§ WHAT THE TASK ASKS
What lines in the material hold the string "exists"? Return every one of them.

↓↓↓

lemma mixable_proper_exp_bound:
  assumes "\<eta> > 0" "proper l" "eta_mixable \<eta> l" "p \<in> {0..1}" "g \<in> {0..1}"
    and lp: "l p 0 = ennreal x" "l p 1 = ennreal y" and lg: "l g 0 = ennreal x'" "l g 1 = ennreal y'"
    and nonneg: "0 \<le> x" "0 \<le> y" "0 \<le> x'" "0 \<le> y'"
  shows "p * exp (\<eta> * (y - y')) + (1 - p) * exp (\<eta> * (x - x')) \<le> 1"
proof (rule mixture_le_one_of_ln_mixture_nonpos)
  fix s :: real assume s: "0 < s" "s < 1"
  have ln_shift: "a = b + ln c" if "exp a = exp b * c" for a b c :: real
  proof -
    have "c > 0" using that by (metis exp_gt_zero zero_less_mult_pos)
    then show ?thesis using arg_cong[OF that, of ln] by (simp add: ln_mult)
  qed
  have mix_eq: "(1 - s) * exp (- \<eta> * u) + s * exp (- \<eta> * u') = exp (- \<eta> * u) * (1 - s + s * exp (\<eta> * (u - u')))"
    for u u' :: real
    by (simp add: algebra_simps flip: exp_add)
  define cx where "cx = 1 - s + s * exp (\<eta> * (x - x'))"
  define cy where "cy = 1 - s + s * exp (\<eta> * (y - y'))"
  have "(x, y) \<in> superpred l" "(x', y') \<in> superpred l"
    using assms(4,5) lp lg nonneg by (auto intro: superpred_memI)
  then obtain x'' y'' where mixed: "(x'', y'') \<in> superpred l"
    "exp (- \<eta> * x'') = exp (- \<eta> * x) * cx" "exp (- \<eta> * y'') = exp (- \<eta> * y) * cy"
    using eta_mixable_mix[OF assms(3), of x y x' y' s] s unfolding mix_eq cx_def cy_def by auto
  have "\<eta> * (p * y + (1 - p) * x) \<le> \<eta> * (p * y'' + (1 - p) * x'')"
    using proper_le_superpred[OF assms(2,4) lp nonneg(1,2) mixed(1)] assms(1) by simp
  also have "\<dots> = p * (\<eta> * y'') + (1 - p) * (\<eta> * x'')"
    by (simp add: algebra_simps)
  also have "\<dots> = p * (\<eta> * y - ln cy) + (1 - p) * (\<eta> * x - ln cx)"
  proof -
    have "\<eta> * x'' = \<eta> * x - ln cx" "\<eta> * y'' = \<eta> * y - ln cy"
      using ln_shift[OF mixed(2)] ln_shift[OF mixed(3)] by simp_all
    then show ?thesis by simp
  qed
  finally have "p * ln cy + (1 - p) * ln cx \<le> 0"
    by (simp add: algebra_simps)
  then show "p * ln (1 - s + s * exp (\<eta> * (y - y'))) + (1 - p) * ln (1 - s + s * exp (\<eta> * (x - x'))) \<le> 0"
    by (simp add: cx_def cy_def)
qed
(* For every Johnson graph $J(m,k)$ (with $m,k\in\mathbb N$, $k\le m$), the VC-dimension of the edge relation on $J(m,k)$ is at most $4$.
   Context: For $m\ge k$ and a set $X$ with $|X|=m$, the Johnson graph $J(m,k)$ has as vertices the $k$-element subsets of $X$, two vertices adjacent iff their intersection has size $k-1$. The VC-dimension of the edge relation on a graph $G$ is the VC-dimension of the set system $(V(G),\{N(v)\mid v\in V(G)\})$, where $N(v)$ is the set of vertices adjacent to $v$; i.e. the largest size of a set $A\subseteq V(G)$ such that $\{A\cap N(v)\mid v\in V(G)\}$ equals the power set of $A$. *)

theory Defs
  imports Main "HOL-Library.Extended_Nat"
begin

definition nbhd :: "'v set \<Rightarrow> ('v \<Rightarrow> 'v \<Rightarrow> bool) \<Rightarrow> 'v \<Rightarrow> 'v set" where
  "nbhd V E v = {u \<in> V. E v u}"

definition shatters :: "'v set set \<Rightarrow> 'v set \<Rightarrow> bool" where
  "shatters F A \<longleftrightarrow> {A \<inter> S | S. S \<in> F} = Pow A"

definition vc_dim :: "'v set \<Rightarrow> 'v set set \<Rightarrow> enat" where
  "vc_dim V F = Sup {enat (card A) | A. A \<subseteq> V \<and> finite A \<and> shatters F A}"

definition edge_vc_dim :: "'v set \<Rightarrow> ('v \<Rightarrow> 'v \<Rightarrow> bool) \<Rightarrow> enat" where
  "edge_vc_dim V E = vc_dim V (nbhd V E ` V)"

text \<open>Johnson graph J(X,k): vertices are the k-subsets of X, adjacent iff they meet in k-1 elements.
  (Written as card + 1 = k to avoid truncated subtraction on nat.)\<close>
definition johnson_vertices :: "'a set \<Rightarrow> nat \<Rightarrow> 'a set set" where
  "johnson_vertices X k = {A. A \<subseteq> X \<and> card A = k}"

definition johnson_adj :: "nat \<Rightarrow> 'a set \<Rightarrow> 'a set \<Rightarrow> bool" where
  "johnson_adj k A B \<longleftrightarrow> card (A \<inter> B) + 1 = k"

end

theory Submission
  imports Defs
begin

(* Suppose five vertices A of J(m,k) were shattered by the neighbourhoods. Some vertex v is
   adjacent to all of A, so every member of A arises from v by exchanging one element.
   Shattering gives any two members of A 2^3 = 8 common neighbours, whereas two k-sets at
   distance two have only four; hence any two members of A agree in the removed or in the
   added element, and then all of A lies in one maximal clique: the k-sets containing a fixed
   (k-1)-set c, or the k-subsets of a fixed (k+1)-set D. A vertex adjacent to three members of
   such a clique contains c, resp. lies in D, and is therefore equal or adjacent to every
   member. So the vertex whose neighbourhood meets A in exactly three members would have to
   coincide with both remaining members. *)

lemma shattersD:
  assumes "shatters F A" "T \<subseteq> A"
  obtains S where "S \<in> F" "A \<inter> S = T"
proof -
  have "T \<in> {A \<inter> S | S. S \<in> F}" using assms unfolding shatters_def by simp
  then show ?thesis using that by blast
qed

lemma shatters_subset:
  assumes "shatters F A" "B \<subseteq> A"
  shows "shatters F B"
  unfolding shatters_def
proof (intro equalityI subsetI)
  fix T assume "T \<in> Pow B"
  then have "T \<subseteq> A" using assms(2) by blast
  then obtain S where "S \<in> F" and S: "A \<inter> S = T" by (rule shattersD[OF assms(1)])
  have "B \<inter> S = B \<inter> (A \<inter> S)" using assms(2) by blast
  also have "\<dots> = T" unfolding S using \<open>T \<in> Pow B\<close> by blast
  finally show "T \<in> {B \<inter> S | S. S \<in> F}" using \<open>S \<in> F\<close> by blast
qed auto

lemma vc_dim_le:
  assumes "\<And>A. A \<subseteq> V \<Longrightarrow> card A = Suc n \<Longrightarrow> \<not> shatters F A"
  shows "vc_dim V F \<le> enat n"
  unfolding vc_dim_def
proof (rule Sup_least, clarify)
  fix A assume A: "A \<subseteq> V" "finite A" "shatters F A"
  show "enat (card A) \<le> enat n"
  proof (rule ccontr)
    assume "\<not> enat (card A) \<le> enat n"
    then have "Suc n \<le> card A" by simp
    then obtain A' where "A' \<subseteq> A" "card A' = Suc n"
      by (rule obtain_subset_with_card_n)
    moreover have "shatters F A'" using shatters_subset[OF A(3) \<open>A' \<subseteq> A\<close>] .
    ultimately show False using assms A(1) by blast
  qed
qed

lemma shatters_nbhd_realises:
  assumes "shatters (nbhd V E ` V) A" "A \<subseteq> V" "T \<subseteq> A"
  shows "\<exists>w\<in>V. \<forall>u\<in>A. E w u \<longleftrightarrow> u \<in> T"
proof -
  obtain w where "w \<in> V" "A \<inter> nbhd V E w = T" using assms(1,3) by (auto elim: shattersD)
  then show ?thesis using assms(2) unfolding nbhd_def by blast
qed

lemma shatters_nbhd_card_common_neighbours:
  assumes "shatters (nbhd V E ` V) A" "A \<subseteq> V" "finite V" "B \<in> A" "C \<in> A" "B \<noteq> C"
  shows "2 ^ (card A - 2) \<le> card {w \<in> V. E w B \<and> E w C}"
proof -
  let ?W = "{w \<in> V. E w B \<and> E w C}"
  have "Pow (A - {B, C}) \<subseteq> (\<lambda>w. {u \<in> A - {B, C}. E w u}) ` ?W"
  proof
    fix T assume T: "T \<in> Pow (A - {B, C})"
    then have "insert B (insert C T) \<subseteq> A" using assms(4,5) by blast
    then obtain w where "w \<in> V" and w: "\<forall>u\<in>A. E w u \<longleftrightarrow> u \<in> insert B (insert C T)"
      using shatters_nbhd_realises[OF assms(1,2)] by blast
    then have "w \<in> ?W" "T = {u \<in> A - {B, C}. E w u}" using T assms(4,5) by auto
    then show "T \<in> (\<lambda>w. {u \<in> A - {B, C}. E w u}) ` ?W" by blast
  qed
  then have "card (Pow (A - {B, C})) \<le> card ((\<lambda>w. {u \<in> A - {B, C}. E w u}) ` ?W)"
    using assms(3) by (intro card_mono) auto
  also have "\<dots> \<le> card ?W"
    using assms(3) by (intro card_image_le) auto
  finally have "card (Pow (A - {B, C})) \<le> card ?W" .
  moreover have "card (A - {B, C}) = card A - 2"
    using assms finite_subset[OF assms(2,3)] by (simp add: card_Diff_subset)
  ultimately show ?thesis using finite_subset[OF assms(2,3)] by (simp add: card_Pow)
qed
lemma twisted_cocycle_gauge_transform:
  assumes L: "twisted_cocycle G E \<phi> L"
    and \<gamma>_nonzero: "\<And>g x. g \<in> carrier G \<Longrightarrow> x \<in> E \<Longrightarrow> \<gamma> g x \<noteq> 0"
  shows "twisted_cocycle G E \<phi> (gauge_transform G \<phi> (\<lambda>_ _. 1) \<gamma> L)"
  unfolding twisted_cocycle_def
proof (intro conjI ballI)
  fix x a b assume "x \<in> E" "a \<in> carrier G" "b \<in> carrier G"
  then show "gauge_transform G \<phi> (\<lambda>_ _. 1) \<gamma> L x a b \<noteq> 0"
    by (simp add: gauge_transform_def \<gamma>_nonzero act_closed twisted_cocycle_nonzero[OF L])
next
  fix x a b c assume x: "x \<in> E" and abc: "a \<in> carrier G" "b \<in> carrier G" "c \<in> carrier G"
  let ?N = "gauge_transform G \<phi> (\<lambda>_ _. 1) \<gamma> L"
  define K where "K = \<gamma> (a \<otimes> b \<otimes> c) x / (\<gamma> a (\<phi> b (\<phi> c x)) * \<gamma> b (\<phi> c x) * \<gamma> c x)"
  have act_bc: "\<phi> (b \<otimes> c) x = \<phi> b (\<phi> c x)" and assoc: "a \<otimes> (b \<otimes> c) = a \<otimes> b \<otimes> c"
    using x abc by (simp_all add: composition_rule m_assoc)
  have nz: "\<gamma> (b \<otimes> c) x \<noteq> 0" "\<gamma> (a \<otimes> b) (\<phi> c x) \<noteq> 0"
    using x abc by (simp_all add: \<gamma>_nonzero act_closed)
  have "?N x a (b \<otimes> c) * ?N x b c = K * (L x a (b \<otimes> c) * L x b c)"
    using nz by (simp add: gauge_transform_def K_def act_bc assoc field_simps)
  also have "\<dots> = K * (L (\<phi> c x) a b * L x (a \<otimes> b) c)"
    using twisted_cocycle_identity[OF L x abc] by simp
  also have "\<dots> = ?N (\<phi> c x) a b * ?N x (a \<otimes> b) c"
    using nz by (simp add: gauge_transform_def K_def field_simps)
  finally show "?N x a (b \<otimes> c) * ?N x b c = ?N (\<phi> c x) a b * ?N x (a \<otimes> b) c" .
qed

lemma twisted_cocycle_right_one:
  assumes N: "twisted_cocycle G E \<phi> N" and x: "x \<in> E" and a: "a \<in> carrier G"
  shows "N x a \<one> = N x \<one> \<one>"
  using twisted_cocycle_identity[OF N x a one_closed one_closed]
    twisted_cocycle_nonzero[OF N x a one_closed] x a
  by (simp add: act_one)

lemma twisted_cocycle_left_one:
  assumes N: "twisted_cocycle G E \<phi> N" and x: "x \<in> E" and c: "c \<in> carrier G"
  shows "N x \<one> c = N (\<phi> c x) \<one> \<one>"
  using twisted_cocycle_identity[OF N x one_closed one_closed c]
    twisted_cocycle_nonzero[OF N x one_closed c] c
  by simp
lemma ex_less_coheight_iff:
  assumes "ord_nonlimit (i::'o::wellorder)"
  shows "(\<exists>j < i. coheight_is R p j) \<longleftrightarrow> p \<in> Zst_prev R i"
  using assms
proof (cases rule: ord_nonlimit_cases)
  case 2
  have "(\<exists>j < i. coheight_is R p j) \<longleftrightarrow> (\<exists>j < i. p \<in> Zst R j)"
  proof
    assume "\<exists>j < i. p \<in> Zst R j"
    then obtain j where j: "j < i" "p \<in> Zst R j" by blast
    define j0 :: 'o where "j0 = (LEAST j. p \<in> Zst R j)"
    have "p \<in> Zst R j0"
      using j(2) unfolding j0_def by (rule LeastI[where P = "\<lambda>j. p \<in> Zst R j"])
    moreover have "p \<notin> Zst R k" if "k < j0" for k
      using that unfolding j0_def by (rule not_less_Least[where P = "\<lambda>j. p \<in> Zst R j"])
    moreover have "j0 < i"
      using Least_le[where P = "\<lambda>j. p \<in> Zst R j", OF j(2)] j(1) unfolding j0_def
      by (rule le_less_trans)
    ultimately show "\<exists>j < i. coheight_is R p j" unfolding coheight_is_def by blast
  next
    assume "\<exists>j < i. coheight_is R p j"
    then show "\<exists>j < i. p \<in> Zst R j" unfolding coheight_is_def by blast
  qed
  then show ?thesis using 2 by (simp add: Zst_prev_def ex_less_Zst_iff)
qed (simp add: Zst_prev_def ord_is_zero_def)

lemma coheight_is_iff:
  assumes "ord_nonlimit (i::'o::wellorder)"
  shows "coheight_is R p i \<longleftrightarrow> p \<in> Zst R i \<and> p \<notin> Zst_prev R i"
  using assms
proof (cases rule: ord_nonlimit_cases)
  case 2
  then have "(\<forall>k < i. p \<notin> Zst R k) \<longleftrightarrow> p \<notin> Zst R (ord_pred i)"
    using ex_less_Zst_iff[of i p R] by auto
  then show ?thesis unfolding coheight_is_def Zst_prev_def using 2(2) by simp
qed (simp add: coheight_is_def Zst_prev_def ord_is_zero_def)

section \<open>Products of prime powers\<close>

lemma primeideal_carrier_not_subset: "primeideal P R \<Longrightarrow> \<not> carrier R \<subseteq> P"
proof
  assume P: "primeideal P R" and "carrier R \<subseteq> P"
  moreover have "P \<subseteq> carrier R" using ideal.Icarr[OF primeideal.axioms(1)[OF P]] by blast
  ultimately show False using primeideal.I_notcarr[OF P] by blast
qed

lemma (in ring) ideal_power_is_ideal: "ideal I R \<Longrightarrow> ideal (ideal_power R I n) R"
  by (induction n) (simp_all add: oneideal ideal_prod_is_ideal)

↑↑↑

§ WRITTEN REPLY
  shows "\<exists>w\<in>V. \<forall>u\<in>A. E w u \<longleftrightarrow> u \<in> T"
  shows "(\<exists>j < i. coheight_is R p j) \<longleftrightarrow> p \<in> Zst_prev R i"
  have "(\<exists>j < i. coheight_is R p j) \<longleftrightarrow> (\<exists>j < i. p \<in> Zst R j)"
    assume "\<exists>j < i. p \<in> Zst R j"
    ultimately show "\<exists>j < i. coheight_is R p j" unfolding coheight_is_def by blast
    assume "\<exists>j < i. coheight_is R p j"
    then show "\<exists>j < i. p \<in> Zst R j" unfolding coheight_is_def by blast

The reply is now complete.